Man is a skilled stage hand. The modern zoo is a theatre, where he puts on display bewildering sets. Serving to a more nostalgic public, the exhibits have become more intricate, self-aware and aesthetically coherent. A gentle mist from an automatic sprinkler mixes with the rays of sunlight filtering through slits in the ceiling of a simulated tropical habitat; lush vegetation keeps service doors out of view and offers the residents occasional privacy.
But discontinuity ultimately breaks the illusion. Space comes to an end abruptly, the necessary mechanism of confinement that betrays the whimsical beauty of natural ecosystems whenever it is placed into our hands: stripped walls of concrete come into view beyond the living forest; the glass ceiling of the aviary becomes the glass floor of the real world and its birds, who from above splatter their mark upon its outer surface. A delicate irony at the interface of truth and artifice, a bird sticker spreads its wings against a mesh screen that would invariably keep it bound if it were real.





An orangutan peers out through its small forest of hanging rope in which he is held by the reflections of bamboo bars from a nearby fence. The animals stand still, many of them forced to stand out in the open where they resort to folding in on themselves to deflect seemingly unwanted attention. Relentlessly straight lines surround and intersect them, reflecting the way in which they are physically and mentally squared away.

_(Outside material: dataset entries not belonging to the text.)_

(* Let $V$ be a finite connected subset of $\mathbb{Z}^{2}$. Then \[ \ell_{\mathrm{TS}}(V)\le|V|\left(1+8\left(\frac{|\partial V|}{|V|}\right)^{1/3}\right). \]
   Context: $\mathbb{Z}^2$ is considered with its standard Cayley graph with respect to $e_1=(1,0)$, $e_2=(0,1)$; connectedness refers to this graph. For a finite set $V\subseteq\mathbb{Z}^2$, $\ell_{\mathrm{TS}}(V)$ is the length of a shortest path in this graph visiting every point of $V$ (starting and ending points not prescribed). $\partial V$ is the inner boundary: the set of points of $V$ having at least one neighbour outside $V$. *)

theory Defs
  imports Complex_Main
begin

type_synonym pt = "int \<times> int"

definition adj :: "pt \<Rightarrow> pt \<Rightarrow> bool" where
  "adj p q \<longleftrightarrow> \<bar>fst p - fst q\<bar> + \<bar>snd p - snd q\<bar> = 1"

definition is_path :: "pt list \<Rightarrow> bool" where
  "is_path xs \<longleftrightarrow> xs \<noteq> [] \<and> (\<forall>i. Suc i < length xs \<longrightarrow> adj (xs ! i) (xs ! Suc i))"

definition connected_Z2 :: "pt set \<Rightarrow> bool" where
  "connected_Z2 V \<longleftrightarrow>
     (\<forall>p\<in>V. \<forall>q\<in>V. \<exists>xs. is_path xs \<and> hd xs = p \<and> last xs = q \<and> set xs \<subseteq> V)"

definition l_TS :: "pt set \<Rightarrow> nat" where
  "l_TS V = (LEAST n. \<exists>xs. is_path xs \<and> V \<subseteq> set xs \<and> length xs - 1 = n)"

definition inner_boundary :: "pt set \<Rightarrow> pt set" where
  "inner_boundary V = {p \<in> V. \<exists>q. adj p q \<and> q \<notin> V}"

end

theory Submission
  imports Defs
begin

Space is limited. I squeeze through, twist my neck and narrow my gaze through the chicken wire. The giraffe’s knee is up to my head. Its tongue reaches far up into its nose, uncaringly, as it towers over the crowd.
One can argue that the animals in the zoo, captured or born of captured lineage, have all been played a nasty trick. Removed from any meaningful and demanding environmental stimulus, they have no choice but to be indifferent, or make fools of themselves in trying.
The zoo is the playground for a self-declared game of hide and seek, the faint one-sided remnant of an old exercise in survival before the middle man. If instead of noble creatures all we find are funny-looking animals in cages, we may uphold their reputation, recounting the exploits of the muscular coils of the anaconda, or simply accept that even such a renowned member of the animal kingdom can be disrobed when subjected to the living conditions of an urban dweller. We do to ourselves, in the end, the meanest of tricks, when we rely too heavily on the zoo experience to formulate our judgment of the rest of the world.